Les divisions de la Psychologie. — Nous allons donc autant que possible étudier les
états de conscience en corrélation avec leurs conditions nerveuses probables. Il est admis
aujourd'hui que le système nerveux n'est qu'une machine à recevoir des impressions et à
décharger des réactions utiles à la conservation et à la défense de l'individu et de l'espèce,
(ceci ne dépasse certainement pas les connaissances physiologiques du lecteur). D'où une
Anatomie du système nerveux divisée en trois grandes sections où l'on traite :
1° des fibres qui amènent les courants ;
2° des organes centraux qui leur donnent une direction nouvelle ;
3° des fibres qui les ramènent vers l'extérieur.
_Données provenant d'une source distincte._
(* Let $\alpha\in(0,\pi)$ and let $G\subset S_\alpha$ be a domain such that for some $r>0$, \[ G\cap B^2(r)=S_\alpha\cap B^2(r). \] Then $A_G\ge A_{S_\alpha}$.
   Context: $S_\alpha=\{\rho e^{it}:\rho>0,\ t\in(0,\alpha)\}\subset\mathbb{R}^2=\mathbb{C}$, and $B^2(r)$ is the open disk of radius $r$ centered at the origin. For a domain $G\subsetneq\mathbb{R}^n$ let $d_G(x)=d(x,\partial G)$; $k_G(x,y)=\inf_\gamma\int_\gamma\frac{|dx|}{d_G(x)}$ over rectifiable curves $\gamma\subset G$ joining $x,y$ (quasihyperbolic distance); $j_G(x,y)=\log\left(1+\frac{|x-y|}{\min\{d_G(x),d_G(y)\}}\right)$; and $A_G=\inf\{A\ge1: k_G\le A\,j_G\text{ on }G\times G\}$ (with $\inf\emptyset=+\infty$). *)

theory Defs
  imports "HOL-Analysis.Analysis"
begin

definition sector :: "real \<Rightarrow> complex set" where
  "sector \<alpha> = {z. \<exists>\<rho> t. \<rho> > 0 \<and> 0 < t \<and> t < \<alpha> \<and> z = rcis \<rho> t}"

definition curve_variation :: "(real \<Rightarrow> 'a::real_normed_vector) \<Rightarrow> real \<Rightarrow> real \<Rightarrow> ereal" where
  "curve_variation g a b =
     Sup {ereal (\<Sum>i<n. dist (g (p i)) (g (p (Suc i)))) | p n.
            p 0 = a \<and> p n = b \<and> (\<forall>i<n. p i \<le> p (Suc i))}"

definition rectifiable_path :: "(real \<Rightarrow> 'a::real_normed_vector) \<Rightarrow> bool" where
  "rectifiable_path g \<longleftrightarrow> path g \<and> curve_variation g 0 1 < \<infinity>"
lemma splittings_eq_image: "splittings w = (\<lambda>i. (take i w, drop i w)) ` {..length w}"
proof (intro equalityI subsetI)
  fix s assume "s \<in> splittings w"
  then obtain u v where "s = (u, v)" "w = u @ v" by (auto simp: splittings_def)
  then show "s \<in> (\<lambda>i. (take i w, drop i w)) ` {..length w}"
    by (intro image_eqI[of _ _ "length u"]) auto
qed (auto simp: splittings_def)

lemma finite_splittings [simp]: "finite (splittings w)"
  by (simp add: splittings_eq_image)

lemma nc_mult_splittings: "nc_mult p q w = (\<Sum>(u, v)\<in>splittings w. p u * q v)"
  unfolding nc_mult_def splittings_def
  by (rule sum.reindex_bij_witness[where i = "\<lambda>(u, v). length u" and j = "\<lambda>i. (take i w, drop i w)"])
     auto

lemma nc_mult_monom: "nc_mult (nc_monom u) (nc_monom v) = (nc_monom (u @ v) :: 'f::field ncpoly)"
proof
  fix w
  have "nc_mult (nc_monom u) (nc_monom v) w = (\<Sum>s\<in>splittings w. if s = (u, v) then 1 else 0 :: 'f)"
    unfolding nc_mult_splittings by (intro sum.cong) (auto simp: nc_monom_def split: if_splits)
  then show "nc_mult (nc_monom u) (nc_monom v) w = (nc_monom (u @ v) w :: 'f)"
    by (simp add: sum.delta) (auto simp: nc_monom_def splittings_def)
qed

lemma nc_mult_assoc: "nc_mult (nc_mult p q) r = nc_mult p (nc_mult q (r :: 'f::field ncpoly))"
proof
  fix w :: "var list"
  let ?T = "{(a, b, c). a @ b @ c = w}"
  have "nc_mult (nc_mult p q) r w
      = (\<Sum>((u, v), (a, b))\<in>Sigma (splittings w) (\<lambda>(u, v). splittings u). p a * q b * r v)"
    by (simp add: nc_mult_splittings sum_distrib_right sum.Sigma split_def)
  also have "\<dots> = (\<Sum>(a, b, c)\<in>?T. p a * q b * r c)"
    by (rule sum.reindex_bij_witness[where i = "\<lambda>(a, b, c). ((a @ b, c), (a, b))"
          and j = "\<lambda>((u, v), (a, b)). (a, b, v)"])
       (auto simp: splittings_def)
  also have "\<dots> = (\<Sum>((u, v), (a, b))\<in>Sigma (splittings w) (\<lambda>(u, v). splittings v). p u * q a * r b)"
    by (rule sum.reindex_bij_witness[where j = "\<lambda>(a, b, c). ((a, b @ c), (b, c))"
          and i = "\<lambda>((u, v), (a, b)). (u, a, b)"])
       (auto simp: splittings_def)
  also have "\<dots> = nc_mult p (nc_mult q r) w"
    by (simp add: nc_mult_splittings sum_distrib_left sum.Sigma split_def mult.assoc)
  finally show "nc_mult (nc_mult p q) r w = nc_mult p (nc_mult q r) w" .
qed

lemma nc_mult_diff_left: "nc_mult (\<lambda>w. p w - q w) r = (\<lambda>w. nc_mult p r w - nc_mult q r w)"
  by (auto simp: nc_mult_def fun_eq_iff left_diff_distrib sum_subtractf)

lemma nc_mult_diff_right: "nc_mult r (\<lambda>w. p w - q w) = (\<lambda>w. nc_mult r p w - nc_mult r q w)"
  by (auto simp: nc_mult_def fun_eq_iff right_diff_distrib sum_subtractf)

lemma nc_br_diff_left: "nc_br (\<lambda>w. p w - q w) r = (\<lambda>w. nc_br p r w - nc_br q r w)"
  by (simp add: nc_br_def nc_mult_diff_left nc_mult_diff_right fun_eq_iff)
lemma frontier_Lambda_set_meets_ball_iff:
  assumes L: "L_function L \<beta> R" and c: "0 < c" "c \<le> k" and \<rho>: "\<rho> \<le> 1"
    and z: "R + k * L R + 1 \<le> norm z"
  shows "frontier (Lambda_set L R 0 c) \<inter> ball z \<rho> \<noteq> {}
           \<longleftrightarrow> c \<in> Lambda_gauge L ` (ball z \<rho> \<inter> {w. R < Re w})"
proof
  assume "frontier (Lambda_set L R 0 c) \<inter> ball z \<rho> \<noteq> {}"
  then obtain p where fr: "p \<in> frontier (Lambda_set L R 0 c)" and p: "p \<in> ball z \<rho>"
    by blast
  have "R < Re p"
    using norm_centre_less_Lambda[OF L p _ _ _ c(2)] frontier_Lambda_set_subset[OF L fr] c z \<rho>
    by force
  moreover from this have "c = Lambda_gauge L p"
    using frontier_Lambda_set_iff[OF L, of p c] fr L_function_pos[OF L, of "Re p"]
      L_function_params[OF L] by (simp add: Lambda_gauge_def)
  ultimately show "c \<in> Lambda_gauge L ` (ball z \<rho> \<inter> {w. R < Re w})"
    using p by blast
next
  assume "c \<in> Lambda_gauge L ` (ball z \<rho> \<inter> {w. R < Re w})"
  then obtain p where p: "p \<in> ball z \<rho>" "R < Re p" and "c = Lambda_gauge L p"
    by blast
  moreover have "0 < L (Re p)"
    using p L_function_params[OF L] by (intro L_function_pos[OF L]) linarith
  ultimately have "p \<in> frontier (Lambda_set L R 0 c)"
    using frontier_Lambda_set_iff[OF L p(2)] by (simp add: Lambda_gauge_def)
  then show "frontier (Lambda_set L R 0 c) \<inter> ball z \<rho> \<noteq> {}"
    using p by blast
qed

lemma sets_Lambda_gauge_window:
  assumes L: "L_function L \<beta> R"
  shows "Lambda_gauge L ` (ball z \<rho> \<inter> {w. R < Re w}) \<inter> {0<..k} \<in> sets lborel"
proof -
  have "is_interval (Lambda_gauge L ` (ball z \<rho> \<inter> {w. R < Re w}) \<inter> {0<..k})"
    using is_interval_Lambda_gauge_image[OF L] by (intro is_interval_Int) (auto simp: is_interval_1)
  then show ?thesis
    by (simp add: real_interval_borel_measurable)
qed
definition N :: "int \<Rightarrow> nat \<Rightarrow> real \<Rightarrow> real \<Rightarrow> real" where
  "N j k \<alpha> \<beta> = of_int j *
     (cos (tau k \<alpha> \<beta> + of_int j * omg k \<alpha> \<beta>)
      - 5/17 * root 3 (sin (tau k \<alpha> \<beta> + of_int j * omg k \<alpha> \<beta>) ^ 4
                       / (2 * cos (tau k \<alpha> \<beta>) * cos (omg k \<alpha> \<beta>)))
            * rr k \<alpha> \<beta> powr (-2/3))"

end

theory Submission
  imports Defs
begin

text \<open>
  The outer inclusion holds because the cube-root corrections in \<open>N\<^sub>j\<close> are nonnegative.
  For the inner one, \<open>\<tau> < \<tau>'\<close> gives \<open>cos (\<tau>' + j\<omega>) \<le> cos (\<tau> + j\<omega>)\<close>, so it suffices that
  the correction with constant \<open>3/10\<close> at \<open>\<tau>'\<close> dominates the one with \<open>5/17\<close> at \<open>\<tau>\<close>, i.e.
  after cubing and clearing denominators
  \<open>(5/17)\<^sup>3 cos \<tau>' sin\<^sup>4 (\<tau> + j\<omega>) \<le> (3/10)\<^sup>3 cos \<tau> sin\<^sup>4 (\<tau>' + j\<omega>)\<close>.
  For \<open>j = -1\<close> this is monotonicity of sine and cosine on \<open>[0, \<pi>/2]\<close>. For \<open>j = 1\<close> the
  angle \<open>\<tau>' + \<omega>\<close> may pass \<open>\<pi>/2\<close>; instead one combines
  \<open>(cos \<tau> + cos \<tau>') sin (\<tau> + \<omega>) \<le> 2 cos \<tau> sin (\<tau>' + \<omega>)\<close>, the tangent-line bound
  \<open>16 a\<^sup>3 (2b - a) \<le> (a + b)\<^sup>4\<close>, and \<open>cos \<tau>' \<ge> (24/25) cos \<tau>\<close>, which is where \<open>k \<ge> 6\<close> enters.
\<close>

definition edge_bound :: "real \<Rightarrow> real \<Rightarrow> real \<Rightarrow> real \<Rightarrow> real" where
  "edge_bound c \<rho> \<tau> \<omega> = cos (\<tau> + \<omega>) - c * root 3 (sin (\<tau> + \<omega>) ^ 4 / (2 * cos \<tau> * cos \<omega>)) * \<rho>"
lemma two_torsion_only_origin_En:
  assumes "n \<noteq> 0"
  shows "two_torsion_only_origin (2*n) (- (n^2))"
proof -
  have "x^2 + (2*n)*x + (- (n^2)) \<noteq> 0" for x
  proof
    assume "x^2 + (2*n)*x + (- (n^2)) = 0"
    then have "(x + n)^2 = 2*n^2" by algebra
    then have "((x + n)/n)^2 = 2" using assms by (simp add: power_divide)
    then show False using rat_square_ne_two by blast
  qed
  then show ?thesis using assms unfolding two_torsion_only_origin_def by simp
qed

lemma two_torsion_only_origin_isog2_En:
  assumes "n \<noteq> 0"
  shows "two_torsion_only_origin (-4*n) (8*n^2)"
proof -
  have "x^2 + (-4*n)*x + 8*n^2 \<noteq> 0" for x
  proof
    assume "x^2 + (-4*n)*x + 8*n^2 = 0"
    then have "(x - 2*n)^2 + 4*n^2 = 0" by algebra
    moreover have "(x - 2*n)^2 \<ge> 0" "4*n^2 > 0" using assms by simp_all
    ultimately show False by linarith
  qed
  then show ?thesis using assms unfolding two_torsion_only_origin_def by simp
qed

lemma En_isog2_coefficients:
  fixes n :: rat
  shows "-2*(2*n) = -4*n" "(2*n)^2 - 4*(- (n^2)) = 8*n^2"
    "-2*(-4*n) = 8*n" "(-4*n)^2 - 4*(8*n^2) = -16*n^2"
    "(1/2)^2*(8*n) = 2*n" "(1/2)^4*(-16*n^2) = - (n^2)"
  by algebra+

text \<open>It is \<open>P \<mapsto> \<plusminus>2P\<close>, but as a composite of
  homomorphisms it is seen to be one without knowing that \<open>pt_add\<close> is associative.\<close>

definition double_isog :: "rat \<Rightarrow> point \<Rightarrow> point" where
  "double_isog n P = scale (1/2) (isog2 (8*n^2) (isog2 (- (n^2)) P))"

lemma double_isog_Inf [simp]: "double_isog n Inf = Inf"
  by (simp add: double_isog_def scale_def)

lemma on_curve_isog2_En:
  "on_curve (2*n) (- (n^2)) P \<Longrightarrow> on_curve (-4*n) (8*n^2) (isog2 (- (n^2)) P)"
  using on_curve_isog2[of "2*n" "- (n^2)" P] unfolding En_isog2_coefficients .

lemma on_curve_isog2_isog2_En:
  "on_curve (-4*n) (8*n^2) P \<Longrightarrow> on_curve (8*n) (-16*n^2) (isog2 (8*n^2) P)"
  using on_curve_isog2[of "-4*n" "8*n^2" P] unfolding En_isog2_coefficients .

lemma on_curve_double_isog:
  "on_curve (2*n) (- (n^2)) P \<Longrightarrow> on_curve (2*n) (- (n^2)) (double_isog n P)"
  unfolding double_isog_def
  using on_curve_scale[OF on_curve_isog2_isog2_En[OF on_curve_isog2_En], of n P "1/2"]
  unfolding En_isog2_coefficients .

lemma double_isog_pt_add:
  assumes n: "n \<noteq> 0" and P: "on_curve (2*n) (- (n^2)) P" and Q: "on_curve (2*n) (- (n^2)) Q"
  shows "double_isog n (pt_add (2*n) (- (n^2)) P Q) =
    pt_add (2*n) (- (n^2)) (double_isog n P) (double_isog n Q)"
proof -
  have nonsquare1: "\<forall>x. x^2 \<noteq> - (n^2)"
  proof
    fix x :: rat
    have "x^2 \<ge> 0" "- (n^2) < 0" using n by simp_all
    then show "x^2 \<noteq> - (n^2)" by linarith
  qed
  have nonsquare2: "\<forall>x. x^2 \<noteq> 8*n^2"
  proof (intro allI notI)
    fix x assume "x^2 = 8*n^2"
    then have "(x/(2*n))^2 = 2" using n by (simp add: power_divide power_mult_distrib)
    then show False using rat_square_ne_two by blast
  qed
  have ns3: "two_torsion_only_origin ((1/2)^2*(8*n)) ((1/2)^4*(-16*n^2))"
    unfolding En_isog2_coefficients by (rule two_torsion_only_origin_En[OF n])
  show ?thesis
    unfolding double_isog_def
    using isog2_pt_add[OF two_torsion_only_origin_En[OF n] nonsquare1 P Q]
      isog2_pt_add[OF two_torsion_only_origin_isog2_En[OF n] nonsquare2 on_curve_isog2_En[OF P]
        on_curve_isog2_En[OF Q]]
      scale_pt_add[OF ns3 on_curve_isog2_isog2_En[OF on_curve_isog2_En[OF P]]
        on_curve_isog2_isog2_En[OF on_curve_isog2_En[OF Q]]]
    unfolding En_isog2_coefficients by simp
qed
La physiologie nous offre la sensation, la réflexion des centres et le mouvement,
comme répliques de ces trois divisions anatomiques. En psychologie nous pouvons diviser
notre sujet suivant un plan analogue [8] et traiter successivement de trois modes fondamen-
taux de la conscience et de leurs conditions. Le premier sera la sensation ; le second, la
cérébration ou Intellection ; le troisième, la Tendance à l'Action. Division très vague, sans
doute, mais pratique et commode dans un livre comme celui-ci, — ce qui nous permettra de
négliger toutes les objections qu'on peut lui faire.